Çok fazla vardı. Ama en akılda kalan ve en çekicisi eğlence dünyasında o dönemde ‘Taş Bebek’ diye anılan Gönül Yazar. Gönül Hanım salondan içeri adımını attığı an salon hareketlenirdi. Gönül Hanım Amerikanbar’da oturmayı sever, genellikle de Cumhuriyet Gazetesi’nin sahibi Nadir Nadi Bey’in yanındaki tabureyi tercih ederdi. Bunu çok iyi bilen müdavimler de şayet Nadir Bey’in yanında oturuyorlarsa, yerlerini Gönül Hanım’a verirdi.

Gönül Yazar’ın özel içkisi var mıydı?

Evet. ‘Gönül Kokteyli’ diye bir özel karışım hazırlardık kendisine. Votka ve portakal suyu ile hazırlanan karışımın rengi ‘grenadin’ yani nar çiçeği şurubuyla açık pembe hale getirilirdi. Bazen de rakı içerdi.

Erol Simavi’nin o yıllarda Hilton’da özel bir odası olduğu biliniyor. Gönül Yazar’la ilişkisi ve hayatı hakkında personel ne bilirdi, neler konuşulurdu?

Erol Bey’in odası birinci kattaydı. Bazen asansörle odasına gider, görünmek istemediği zaman merdiveni kullanırdı. Erol Bey’in müthiş karizması vardı, çok beyefendiydi. Barda oturduğu zaman herkes susar Erol Bey’i dinlerdi. Gönül Hanım İzmir’den İstanbul’a geldiği ilk günlerde Yassıada Mahkemesi’nde Adnan Menderes’i savunan Avukat Burhan Apaydın’la arkadaş oldu.
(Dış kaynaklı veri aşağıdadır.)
lemma Sfun_derivative_along_solution:
  assumes ng_le: "ng \<le> n"
    and equil: "is_equilibrium n m ng src snk g D p ub phib wb"
    and T: "open T" "t \<in> T"
    and sol: "is_solution n m ng src snk g M D p T phig phil w u"
  shows "((\<lambda>s. Sfun n m ng src snk g M phib wb (\<lambda>i. phig s i + phil s i) (w s)) has_real_derivative
     - (\<Sum>j\<le>ng. D j * (w t j - wb j)\<^sup>2) + (\<Sum>j\<le>ng. (w t j - wb j) * (u t j - ub j))) (at t)"
proof -
  define phi where "phi s = (\<lambda>i. phig s i + phil s i)" for s
  define c where "c i = gradU n m src snk g (phi t) i - gradU n m src snk g phib i" for i
  define dl where "dl i = deriv (\<lambda>s. phil s i) t" for i
  have dphig: "\<And>i. i < n \<Longrightarrow> ((\<lambda>s. phig s i) has_real_derivative EgT ng (w t) i) (at t)"
    and dphil: "\<And>i. i < n \<Longrightarrow> (\<lambda>s. phil s i) differentiable (at t)"
    and dw_ex: "\<forall>j\<le>ng. \<exists>wd. ((\<lambda>s. w s j) has_real_derivative wd) (at t) \<and>
       M j * wd = - D j * w t j - Emul n (gradU n m src snk g (phi t)) j + p j + u t j"
    and alg: "\<And>j. ng < j \<and> j \<le> n \<Longrightarrow> 0 = - Emul n (gradU n m src snk g (phi t)) j + p j"
    using sol T(2) unfolding is_solution_def phi_def by blast+
  have range: "\<forall>s\<in>T. \<exists>v. \<forall>i<n. phil s i = ElT n ng v i"
    using sol unfolding is_solution_def by blast
  obtain wd where wd: "\<And>j. j \<le> ng \<Longrightarrow> ((\<lambda>s. w s j) has_real_derivative wd j) (at t)"
    and swing: "\<And>j. j \<le> ng \<Longrightarrow>
       M j * wd j = - D j * w t j - Emul n (gradU n m src snk g (phi t)) j + p j + u t j"
    using dw_ex by metis
  obtain ws where ws: "\<forall>j\<le>ng. wb j = ws"
    and eq_gen: "\<And>j. j \<le> ng \<Longrightarrow> 0 = - D j * wb j - Emul n (gradU n m src snk g phib) j + p j + ub j"
    and eq_load: "\<And>j. ng < j \<and> j \<le> n \<Longrightarrow> 0 = - Emul n (gradU n m src snk g phib) j + p j"
    using equil unfolding is_equilibrium_def by blast
  have loads: "\<forall>j. ng < j \<and> j \<le> n \<longrightarrow> Emul n c j = 0"
    using alg eq_load unfolding c_def Emul_diff by fastforce
  have swing_incr: "M j * wd j = - D j * (w t j - wb j) - Emul n c j + (u t j - ub j)" if "j \<le> ng" for j
    using swing[OF that] eq_gen[OF that] unfolding c_def Emul_diff by (simp add: algebra_simps)
  have dl: "((\<lambda>s. phil s i) has_real_derivative dl i) (at t)" if "i < n" for i
    unfolding dl_def using dphil[OF that] by (simp add: DERIV_deriv_iff_real_differentiable)
  have power_gen: "(\<Sum>i<n. (EgT ng (w t) i + dl i) * c i) = (\<Sum>j\<le>ng. (w t j - wb j) * Emul n c j)"
    using sum_mult_EgT_shift[OF ng_le loads ws, of "w t"]
      ElT_range_orthogonal_derivative[OF T range loads dl]
    by (simp add: distrib_left distrib_right sum.distrib mult.commute)
  have dS: "((\<lambda>s. Sfun n m ng src snk g M phib wb (phi s) (w s)) has_real_derivative
      (\<Sum>j\<le>ng. M j * (w t j - wb j) * wd j) + (\<Sum>i<n. (EgT ng (w t) i + dl i) * c i)) (at t)"
    unfolding c_def phi_def using dphig dl wd by (intro Sfun_has_derivative DERIV_add) auto
  have "(\<Sum>j\<le>ng. M j * (w t j - wb j) * wd j) + (\<Sum>j\<le>ng. (w t j - wb j) * Emul n c j)
      = (\<Sum>j\<le>ng. (w t j - wb j) * (M j * wd j + Emul n c j))"
    by (simp add: sum.distrib[symmetric] algebra_simps)
  also have "\<dots> = (\<Sum>j\<le>ng. - (D j * (w t j - wb j)\<^sup>2) + (w t j - wb j) * (u t j - ub j))"
    by (intro sum.cong) (simp_all add: swing_incr power2_eq_square algebra_simps)
  also have "\<dots> = - (\<Sum>j\<le>ng. D j * (w t j - wb j)\<^sup>2) + (\<Sum>j\<le>ng. (w t j - wb j) * (u t j - ub j))"
    by (simp add: sum.distrib sum_negf sum_subtractf)
  finally show ?thesis using dS unfolding power_gen phi_def by simp
qed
Bu beraberlik epeyce devam etti. Sonra Gönül Hanım, Orhan Boran Bey’le iyi bir dostluk kurdu, bu dostluk sırasında Erol Bey Nükhet Duru’yla ilgileniyordu. Nükhet Hanım’dan ayrıldıktan sonra Gönül Hanım’la yakın ilişkiye girdi.

Erol Simavi ne severdi, ne içerdi?

O günlerde Erol Bey hemen her gün İstanbul Hilton’un Lalezar barında öğle rakılarını içer, daha sonra da restoranda yemeğe geçerdi. Erol Bey’in eşi Belma Hanım da barımızın akşam müdavimleri arasındaydı. Ne kadar ilginçtir ki, viskisini hep balonumsu ‘goblet’ bardağında yudumlardı.
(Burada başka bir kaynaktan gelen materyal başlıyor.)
(* Consider a smoothed network coordination game on a graph $G=(V,E)$ with $n=|V|$, $m=|E|$, maximum degree $\Delta(G)$, and $k$ actions per player, where every payoff entry $A_{uv}(i,j)$ ($uv\in E$, $i,j\in[k]$) is drawn independently from a distribution with density $f_{uv,i,j}:[-1,1]\to[0,\phi]$. Then the expected maximum number of steps of better-response dynamics (over all initial profiles and all better-response sequences) is $O(k^{4\Delta(G)+6}nm^2\phi)$.
   Context: A network coordination game is given by an undirected graph $G=(V,E)$ whose vertices are players; each player chooses one of $k$ actions, and for each edge $uv\in E$ there is a $k\times k$ payoff matrix $A_{uv}$ (with $A_{vu}=A_{uv}^\top$). In profile $\sigma$, player $u$'s payoff is $\sum_{v:\,uv\in E}A_{uv}(\sigma_u,\sigma_v)$. A better-response step is a unilateral change of action by one player that strictly increases her payoff; a pure Nash equilibrium is a profile with no such step. *)

theory Defs
  imports "HOL-Probability.Probability"
begin

text \<open>For an edge {u,v} with u < v,
  the payoff matrix A_uv is stored as the entries A (u,v,i,j); the matrix
  A_vu is its transpose.\<close>

definition simple_graph :: "nat \<Rightarrow> nat set set \<Rightarrow> bool" where
  "simple_graph n E \<longleftrightarrow> (\<forall>e\<in>E. e \<subseteq> {..<n} \<and> card e = 2)"

definition max_degree :: "nat \<Rightarrow> nat set set \<Rightarrow> nat" where
  "max_degree n E = Max (insert 0 ((\<lambda>v. card {e\<in>E. v \<in> e}) ` {..<n}))"

text \<open>Index set of the independent random payoff entries.\<close>
definition entry_index :: "nat set set \<Rightarrow> nat \<Rightarrow> (nat \<times> nat \<times> nat \<times> nat) set" where
  "entry_index E k = {(u,v,i,j). u < v \<and> {u,v} \<in> E \<and> i < k \<and> j < k}"

definition edge_payoff :: "(nat \<times> nat \<times> nat \<times> nat \<Rightarrow> real) \<Rightarrow> nat \<Rightarrow> nat \<Rightarrow> nat \<Rightarrow> nat \<Rightarrow> real" where
  "edge_payoff A u v i j = (if u < v then A (u,v,i,j) else A (v,u,j,i))"

definition payoff :: "nat set set \<Rightarrow> (nat \<times> nat \<times> nat \<times> nat \<Rightarrow> real) \<Rightarrow> (nat \<Rightarrow> nat) \<Rightarrow> nat \<Rightarrow> real" where
  "payoff E A \<sigma> u = (\<Sum>v\<in>{v. {u,v} \<in> E}. edge_payoff A u v (\<sigma> u) (\<sigma> v))"

definition profiles :: "nat \<Rightarrow> nat \<Rightarrow> (nat \<Rightarrow> nat) set" where
  "profiles n k = ({..<n} \<rightarrow>\<^sub>E {..<k})"

definition br_step :: "nat \<Rightarrow> nat \<Rightarrow> nat set set \<Rightarrow> (nat \<times> nat \<times> nat \<times> nat \<Rightarrow> real)
    \<Rightarrow> (nat \<Rightarrow> nat) \<Rightarrow> (nat \<Rightarrow> nat) \<Rightarrow> bool" where
  "br_step n k E A \<sigma> \<sigma>' \<longleftrightarrow>
     (\<exists>u<n. \<exists>a<k. \<sigma>' = \<sigma>(u := a) \<and> payoff E A \<sigma> u < payoff E A \<sigma>' u)"

text \<open>Better-response sequences: lists of profiles sigma_0, ..., sigma_t (t steps).\<close>
definition br_seq :: "nat \<Rightarrow> nat \<Rightarrow> nat set set \<Rightarrow> (nat \<times> nat \<times> nat \<times> nat \<Rightarrow> real)
    \<Rightarrow> (nat \<Rightarrow> nat) list \<Rightarrow> bool" where
  "br_seq n k E A xs \<longleftrightarrow> xs \<noteq> [] \<and> hd xs \<in> profiles n k \<and>
     (\<forall>i. Suc i < length xs \<longrightarrow> br_step n k E A (xs ! i) (xs ! Suc i))"

definition max_br_steps :: "nat \<Rightarrow> nat \<Rightarrow> nat set set \<Rightarrow> (nat \<times> nat \<times> nat \<times> nat \<Rightarrow> real) \<Rightarrow> ennreal" where
  "max_br_steps n k E A = (SUP xs\<in>{xs. br_seq n k E A xs}. ennreal (real (length xs - 1)))"

end

theory Submission
  imports Defs "HOL-Analysis.Harmonic_Numbers"
begin

text \<open>The game has the exact potential \<open>\<Phi>(\<sigma>) = \<Sum>\<^sub>u\<^sub>v A\<^sub>u\<^sub>v(\<sigma>\<^sub>u, \<sigma>\<^sub>v)\<close>, which almost
  surely lies in \<open>[-m, m]\<close>. Along a better-response sequence of length \<open>L\<close> the potential
  strictly increases, so the profiles are distinct on the vertices covered by edges, whence
  \<open>L \<le> k\<^sup>2\<^sup>m\<close>, and some step increases \<open>\<Phi>\<close> by at most \<open>2m/L\<close>. The increase of a step is the gain
  of a move \<open>(u, i, a, \<tau>)\<close>: player \<open>u\<close> switches from \<open>i\<close> to \<open>a\<close> while her neighbours play
  \<open>\<tau>\<close>. For a fixed move the gain is a translate of the single entry \<open>A\<^sub>u\<^sub>v(a, \<tau>\<^sub>v)\<close>, so it lies
  in \<open>(0, \<epsilon>]\<close> with probability at most \<open>\<phi>\<epsilon>\<close>. Hence \<open>L\<close> is bounded by the number of pairs
  \<open>(t, move)\<close> with \<open>t \<le> k\<^sup>2\<^sup>m\<close> whose gain lies in \<open>(0, 2m/t]\<close>, whose expectation is at most
  \<open>n k\<^sup>\<Delta>\<^sup>+\<^sup>2 \<phi> 2m H(k\<^sup>2\<^sup>m) = O(k\<^sup>\<Delta>\<^sup>+\<^sup>3 n m\<^sup>2 \<phi>)\<close>.\<close>

subsection \<open>Simple graphs\<close>

definition neighbours :: "nat set set \<Rightarrow> nat \<Rightarrow> nat set" where
  "neighbours E u = {v. {u,v} \<in> E}"

lemma simple_graph_edgeD:
  assumes "simple_graph n E" "{u,v} \<in> E"
  shows "u \<noteq> v" "u < n" "v < n"
proof -
  have "{u,v} \<subseteq> {..<n}" "card {u,v} = 2"
    using assms unfolding simple_graph_def by auto
  then show "u \<noteq> v" "u < n" "v < n" by (auto split: if_splits)
qed

lemma simple_graph_edge_cases:
  assumes "simple_graph n E" "e \<in> E"
  obtains u v where "e = {u,v}" "u < v"
proof -
  have "card e = 2" using assms unfolding simple_graph_def by simp
  then obtain x y where "e = {x,y}" "x \<noteq> y" unfolding card_2_iff by blast
  then show thesis
    using that[of x y] that[of y x] by (cases "x < y") (auto simp: insert_commute)
qed

lemma simple_graph_finite: "simple_graph n E \<Longrightarrow> finite E"
  unfolding simple_graph_def by (rule finite_subset[of _ "Pow {..<n}"]) auto

lemma card_Union_simple_graph: "simple_graph n E \<Longrightarrow> card (\<Union>E) \<le> 2 * card E"
  using card_Union_le_sum_card[of E] by (simp add: simple_graph_def)

lemma neighbours_subset: "simple_graph n E \<Longrightarrow> neighbours E u \<subseteq> {..<n}"
  unfolding neighbours_def using simple_graph_edgeD(3) by auto

lemma finite_neighbours: "simple_graph n E \<Longrightarrow> finite (neighbours E u)"
  using finite_subset[OF neighbours_subset] by blast

lemma not_in_neighbours: "simple_graph n E \<Longrightarrow> u \<notin> neighbours E u"
  unfolding neighbours_def using simple_graph_edgeD(1)[of n E u u] by auto

lemma edges_at_vertex:
  assumes "simple_graph n E"
  shows "{e\<in>E. u \<in> e} = (\<lambda>v. {u,v}) ` neighbours E u"
    and "inj_on (\<lambda>v. {u,v}) (neighbours E u)"
proof -
  show "{e\<in>E. u \<in> e} = (\<lambda>v. {u,v}) ` neighbours E u"
  proof
    show "{e\<in>E. u \<in> e} \<subseteq> (\<lambda>v. {u,v}) ` neighbours E u"
    proof
      fix e assume e: "e \<in> {e\<in>E. u \<in> e}"
      then obtain x y where xy: "e = {x,y}" using simple_graph_edge_cases[OF assms] by blast
      then have "e = {u,x} \<or> e = {u,y}" using e by auto
      with e show "e \<in> (\<lambda>v. {u,v}) ` neighbours E u"
        unfolding neighbours_def by auto
    qed
  qed (auto simp: neighbours_def)
  show "inj_on (\<lambda>v. {u,v}) (neighbours E u)"
    using not_in_neighbours[OF assms] by (auto simp: inj_on_def doubleton_eq_iff)
qed

lemma card_neighbours_le_max_degree:
  assumes sg: "simple_graph n E" and u: "u < n"
  shows "card (neighbours E u) \<le> max_degree n E"
proof -
  have "card (neighbours E u) = card {e\<in>E. u \<in> e}"
    using edges_at_vertex[OF sg] by (simp add: card_image)
  also have "\<dots> \<le> max_degree n E"
    unfolding max_degree_def using u by (intro Max_ge) (auto simp: simple_graph_finite[OF sg])
  finally show ?thesis .
qed

subsection \<open>The potential\<close>

definition entry_of :: "nat \<Rightarrow> nat \<Rightarrow> nat \<Rightarrow> nat \<Rightarrow> nat \<times> nat \<times> nat \<times> nat" where
  "entry_of u v i j = (if u < v then (u,v,i,j) else (v,u,j,i))"

lemma edge_payoff_entry_of: "edge_payoff A u v i j = A (entry_of u v i j)"
  by (simp add: edge_payoff_def entry_of_def)

lemma entry_of_in_entry_index:
  assumes "simple_graph n E" "{u,v} \<in> E" "i < k" "j < k"
  shows "entry_of u v i j \<in> entry_index E k"
proof (cases "u < v")
  case False
  then have "v < u" using simple_graph_edgeD(1)[OF assms(1,2)] by simp
  moreover have "{v,u} \<in> E" using assms(2) by (simp add: insert_commute)
  ultimately show ?thesis using assms(3,4) by (simp add: entry_of_def entry_index_def)
qed (use assms in \<open>simp add: entry_of_def entry_index_def\<close>)

lemma entry_of_eqD:
  "u \<noteq> v \<Longrightarrow> u \<noteq> v' \<Longrightarrow> entry_of u v i j = entry_of u v' i' j' \<Longrightarrow> v = v' \<and> i = i'"
  unfolding entry_of_def by (auto split: if_splits)

lemma finite_entry_index:
  assumes "simple_graph n E" shows "finite (entry_index E k)"
proof (rule finite_subset)
  show "entry_index E k \<subseteq> {..<n} \<times> {..<n} \<times> {..<k} \<times> {..<k}"
    unfolding entry_index_def using simple_graph_edgeD(2,3)[OF assms] by auto
qed simp

lemma entry_index_nonempty:
  assumes "simple_graph n E" "E \<noteq> {}" "1 \<le> k"
  shows "entry_index E k \<noteq> {}"
proof -
  obtain e where "e \<in> E" using assms(2) by blast
  then obtain u v where "e = {u,v}" "u < v" using simple_graph_edge_cases[OF assms(1)] by blast
  then have "(u,v,0,0) \<in> entry_index E k" using \<open>e \<in> E\<close> assms(3) by (simp add: entry_index_def)
  then show ?thesis by blast
qed

definition edge_potential :: "(nat \<times> nat \<times> nat \<times> nat \<Rightarrow> real) \<Rightarrow> nat set \<Rightarrow> (nat \<Rightarrow> nat) \<Rightarrow> real" where
  "edge_potential A e \<sigma> = edge_payoff A (Min e) (Max e) (\<sigma> (Min e)) (\<sigma> (Max e))"

definition potential :: "nat set set \<Rightarrow> (nat \<times> nat \<times> nat \<times> nat \<Rightarrow> real) \<Rightarrow> (nat \<Rightarrow> nat) \<Rightarrow> real" where
  "potential E A \<sigma> = (\<Sum>e\<in>E. edge_potential A e \<sigma>)"

lemma edge_potential_doubleton:
  assumes "u \<noteq> v"
  shows "edge_potential A {u,v} \<sigma> = edge_payoff A u v (\<sigma> u) (\<sigma> v)"
proof (cases "u < v")
  case True
  then have "Min {u,v} = u" "Max {u,v} = v" by auto
  then show ?thesis by (simp add: edge_potential_def)
next
  case False
  with assms have "Min {u,v} = v" "Max {u,v} = u" by auto
  then show ?thesis using assms by (simp add: edge_potential_def edge_payoff_def)
qed

lemma edge_potential_cong:
  "e \<noteq> {} \<Longrightarrow> finite e \<Longrightarrow> (\<And>v. v \<in> e \<Longrightarrow> \<sigma> v = \<sigma>' v)
    \<Longrightarrow> edge_potential A e \<sigma> = edge_potential A e \<sigma>'"
  unfolding edge_potential_def by simp

lemma potential_split:
  assumes sg: "simple_graph n E"
  shows "potential E A \<sigma> = (\<Sum>e\<in>{e\<in>E. u \<notin> e}. edge_potential A e \<sigma>) + payoff E A \<sigma> u"
proof -
  have "E = {e\<in>E. u \<notin> e} \<union> {e\<in>E. u \<in> e}" by auto
  then have "potential E A \<sigma>
      = (\<Sum>e\<in>{e\<in>E. u \<notin> e}. edge_potential A e \<sigma>) + (\<Sum>e\<in>{e\<in>E. u \<in> e}. edge_potential A e \<sigma>)"
    unfolding potential_def using simple_graph_finite[OF sg]
    by (metis (no_types, lifting) sum.union_disjoint disjoint_iff finite_Un mem_Collect_eq)
  also have "(\<Sum>e\<in>{e\<in>E. u \<in> e}. edge_potential A e \<sigma>) = (\<Sum>v\<in>neighbours E u. edge_potential A {u,v} \<sigma>)"
    using edges_at_vertex[OF sg] by (simp add: sum.reindex)
  also have "\<dots> = payoff E A \<sigma> u"
    unfolding payoff_def neighbours_def[symmetric] using not_in_neighbours[OF sg, of u]
    by (intro sum.cong refl edge_potential_doubleton) auto
  finally show ?thesis .
qed

lemma potential_fun_upd:
  assumes sg: "simple_graph n E"
  shows "potential E A (\<sigma>(u := a)) - potential E A \<sigma> = payoff E A (\<sigma>(u := a)) u - payoff E A \<sigma> u"
proof -
  have "(\<Sum>e\<in>{e\<in>E. u \<notin> e}. edge_potential A e (\<sigma>(u := a))) = (\<Sum>e\<in>{e\<in>E. u \<notin> e}. edge_potential A e \<sigma>)"
  proof (intro sum.cong refl)
    fix e assume e: "e \<in> {e\<in>E. u \<notin> e}"
    then obtain x y where "e = {x,y}" using simple_graph_edge_cases[OF sg] by blast
    with e show "edge_potential A e (\<sigma>(u := a)) = edge_potential A e \<sigma>"
      by (intro edge_potential_cong) auto
  qed
  then show ?thesis
    using potential_split[OF sg, of A "\<sigma>(u := a)" u] potential_split[OF sg, of A \<sigma> u] by linarith
qed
Çeşitli devlet bakanlarına içki servis etmişsiniz; kim hangi içkiyi severdi hatırlıyor musunuz?

Adnan Menderes viski, Süleyman Demirel de Campari severdi. Celal Bayar ve İsmet İnönü de meyve suyu içerdi. Alparslan Türkeş balo olduğunda değişik içkiler içerdi. Kraliçe Elizabeth ve Charles de Gaulle’e de köşklerdeki diplomatik protokol yemeklerinde içki servis ettim. Servis büyük titizlikle yapılırdı. Masada beyaz şarap, kırmızı şarap ve su bardağı olur, davetli olan devlet başkanı içkisini bitirmeden diğer misafirlere servis başlamazdı. Yemeklerin sonunda da mutlaka şampanya açılır, kadeh kaldırılır ve konuşma yapılırdı. Bir tek şeriatla yönetilen Moritanya Cumhuriyeti ekselans Dadah’ın şerefine dönemin dış işleri bakanı Prof. Turan Güneş su kaldırdı. Ve “Suyun şampanyadan daha pahalı olduğu Moritanya’ya kadehimi kaldırıyorum” dedi.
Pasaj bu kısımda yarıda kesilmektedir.